◆ Goal of the exercise
Which lines below contain "forall"? Pull them out.

◆ Given entries
(* Let $\Lambda\Subset\mathbb X$ and suppose $\rho:\mathbf F\to\mathbb C$ satisfies \[ \rho(\{s\}\cup T)=\sum_{N\subset\Lambda\setminus T}z(s)\,\gamma(s,N\mid T)\,\rho(T\cup N) \] for all $s\in\mathbb X$ and $T\Subset\mathbb X\setminus\{s\}$. Then there exists $c\in\mathbb C$ such that $\rho(X)=Z(X,\Lambda)\,c$ for all $X\Subset\mathbb X$. In particular, if $\rho(\varnothing)\neq0$, then $Z(\Lambda)\neq0$ and $R(X,\Lambda)=\rho(X)/\rho(\varnothing)$ for all $X\Subset\mathbb X$.
   Context: $\mathbb X$ is a finite or countably infinite set, $X\Subset\mathbb X$ means finite subset, $\mathbf F$ is the set of finite subsets. Fix $z:\mathbb X\to\mathbb C$, $W:\mathbf F\to\mathbb C$; $z^X=\prod_{y\in X}z(y)$. Conditional interaction: $W(X\mid B)=\prod_{C\subset B}W(X\cup C)$ if $X\cap B=\varnothing$, $W(X\mid B)=0$ if $X=\{y\}$ with $y\in B$, $W(X\mid B)=1$ otherwise. Boltzmann factor $\kappa(X\mid B)=\prod_{\varnothing\neq S\subset X}W(S\mid B)$, $\kappa(X)=\kappa(X\mid\varnothing)$, and $\kappa(s\mid B)=\kappa(\{s\}\mid B)$. Kernel: $\gamma(s,N\mid B)=\sum_{M\subset N}(-1)^{|N\setminus M|}\kappa(s\mid B\cup M)$ for $s\in\mathbb X$, $N,B\in\mathbf F$. Partition functions $Z(X,\Lambda)=\sum_{Y\subset\Lambda\setminus X}z^{X\cup Y}\kappa(X\cup Y)$, $Z(\Lambda)=Z(\varnothing,\Lambda)$; correlations $R(X,\Lambda)=Z(X,\Lambda)/Z(\Lambda)$ when $Z(\Lambda)\neq0$ (defined for all $X\Subset\mathbb X$, not only $X\subset\Lambda$). *)

theory Defs
  imports Complex_Main "HOL-Library.Countable"
begin

text \<open>Ground set X is the type 'a (countable); finite subsets are finite sets of type 'a set.
  z :: 'a => complex, W :: 'a set => complex (only evaluated on finite sets).\<close>

definition W_cond :: "('a set \<Rightarrow> complex) \<Rightarrow> 'a set \<Rightarrow> 'a set \<Rightarrow> complex" where
  "W_cond W X B =
     (if X \<inter> B = {} then (\<Prod>C\<in>Pow B. W (X \<union> C))
      else if (\<exists>y. X = {y} \<and> y \<in> B) then 0 else 1)"

definition kappa :: "('a set \<Rightarrow> complex) \<Rightarrow> 'a set \<Rightarrow> 'a set \<Rightarrow> complex" where
  "kappa W X B = (\<Prod>S\<in>Pow X - {{}}. W_cond W S B)"
(* Let $G,H$ be finite connected simple graphs and $\Delta$ a triangulation of $G\times H$. Then $\beta(\operatorname{Prin}(G)\times\operatorname{Prin}(H))\subseteq\operatorname{Prin}(\Delta)$.
   Context: Triangulated product: $\Delta$ has vertex set $V(G)\times V(H)$; horizontal edges $\{(a,b),(x,b)\}$ ($ax\in E(G)$, $b\in V(H)$); vertical edges $\{(a,b),(a,y)\}$ ($a\in V(G)$, $by\in E(H)$); for each $ax\in E(G)$, $by\in E(H)$ the square $(a,b),(x,b),(x,y),(a,y)$ is split by one chosen diagonal edge into two triangles. For a triangle $\sigma$, $\mathrm{diag}(\sigma)$ is its diagonal edge. $\alpha(e,v)=1$ if $v\in e$, $e$ diagonal; $\alpha(e,v)=|\{\text{triangles }\sigma\supset e: v\notin\mathrm{diag}(\sigma)\}|$ if $v\in e$, $e$ not diagonal; $0$ if $v\notin e$. For $\phi:V(\Delta)\to\mathbb{Z}$, $\operatorname{Div}(\phi)=\sum_{r}\big(\sum_{\sigma\supset r}\phi(\sigma\setminus r)-\sum_{v\in r}\alpha(r,v)\phi(v)\big)[r]$ (sum over edges $r$ and triangles $\sigma$; $\sigma\setminus r$ the opposite vertex); $\operatorname{Prin}(\Delta)$ is the group of all such divisors. $\operatorname{Prin}(G)\subseteq\mathbb{Z}^{V(G)}$ is the column span of the Laplacian $L(G)$ (diagonal entries $-\deg(v_i)$, off-diagonal $1$ for adjacent vertices, $0$ otherwise); similarly for $H$. $\beta(C,D)$, for $C\in\mathbb{Z}^{V(G)}$, $D\in\mathbb{Z}^{V(H)}$, is the divisor on $\Delta$ with value $C(a)$ on each vertical edge $\{(a,b),(a,y)\}$, $D(b)$ on each horizontal edge $\{(a,b),(x,b)\}$, and $0$ on diagonal edges. *)

theory Defs
  imports Main
begin

definition simple_graph :: "'a set \<Rightarrow> ('a \<Rightarrow> 'a \<Rightarrow> bool) \<Rightarrow> bool" where
  "simple_graph V E \<longleftrightarrow> finite V \<and> (\<forall>u v. E u v \<longrightarrow> u \<in> V \<and> v \<in> V)
     \<and> (\<forall>u v. E u v \<longrightarrow> E v u) \<and> (\<forall>u. \<not> E u u)"

definition connected_graph :: "'a set \<Rightarrow> ('a \<Rightarrow> 'a \<Rightarrow> bool) \<Rightarrow> bool" where
  "connected_graph V E \<longleftrightarrow> V \<noteq> {} \<and> (\<forall>u\<in>V. \<forall>v\<in>V. E\<^sup>*\<^sup>* u v)"

definition degree :: "'a set \<Rightarrow> ('a \<Rightarrow> 'a \<Rightarrow> bool) \<Rightarrow> 'a \<Rightarrow> nat" where
  "degree V E v = card {w\<in>V. E v w}"

definition laplacian :: "'a set \<Rightarrow> ('a \<Rightarrow> 'a \<Rightarrow> bool) \<Rightarrow> 'a \<Rightarrow> 'a \<Rightarrow> int" where
  "laplacian V E v w = (if v = w then - int (degree V E v) else if E v w then 1 else 0)"

definition prin_graph :: "'a set \<Rightarrow> ('a \<Rightarrow> 'a \<Rightarrow> bool) \<Rightarrow> ('a \<Rightarrow> int) set" where
  "prin_graph V E = {C. \<exists>c :: 'a \<Rightarrow> int. \<forall>v. C v =
      (if v \<in> V then (\<Sum>w\<in>V. laplacian V E v w * c w) else 0)}"

text \<open>A triangulation is given by the set D of chosen diagonal edges: for each pair of edges
  ax of G and by of H exactly one of the two diagonals of the square is chosen.\<close>
definition triangulation ::
  "'a set \<Rightarrow> ('a \<Rightarrow> 'a \<Rightarrow> bool) \<Rightarrow> 'b set \<Rightarrow> ('b \<Rightarrow> 'b \<Rightarrow> bool) \<Rightarrow> ('a \<times> 'b) set set \<Rightarrow> bool" where
  "triangulation VG EG VH EH D \<longleftrightarrow>
     D \<subseteq> {{(a,b),(x,y)} | a x b y. EG a x \<and> EH b y} \<and>
     (\<forall>a x b y. EG a x \<longrightarrow> EH b y \<longrightarrow>
        ({(a,b),(x,y)} \<in> D \<longleftrightarrow> {(x,b),(a,y)} \<notin> D))"

definition tri_vertices :: "'a set \<Rightarrow> 'b set \<Rightarrow> ('a \<times> 'b) set" where
  "tri_vertices VG VH = VG \<times> VH"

◆ Finished task
  "simple_graph V E \<longleftrightarrow> finite V \<and> (\<forall>u v. E u v \<longrightarrow> u \<in> V \<and> v \<in> V)
     \<and> (\<forall>u v. E u v \<longrightarrow> E v u) \<and> (\<forall>u. \<not> E u u)"
  "connected_graph V E \<longleftrightarrow> V \<noteq> {} \<and> (\<forall>u\<in>V. \<forall>v\<in>V. E\<^sup>*\<^sup>* u v)"
  "prin_graph V E = {C. \<exists>c :: 'a \<Rightarrow> int. \<forall>v. C v =
     (\<forall>a x b y. EG a x \<longrightarrow> EH b y \<longrightarrow>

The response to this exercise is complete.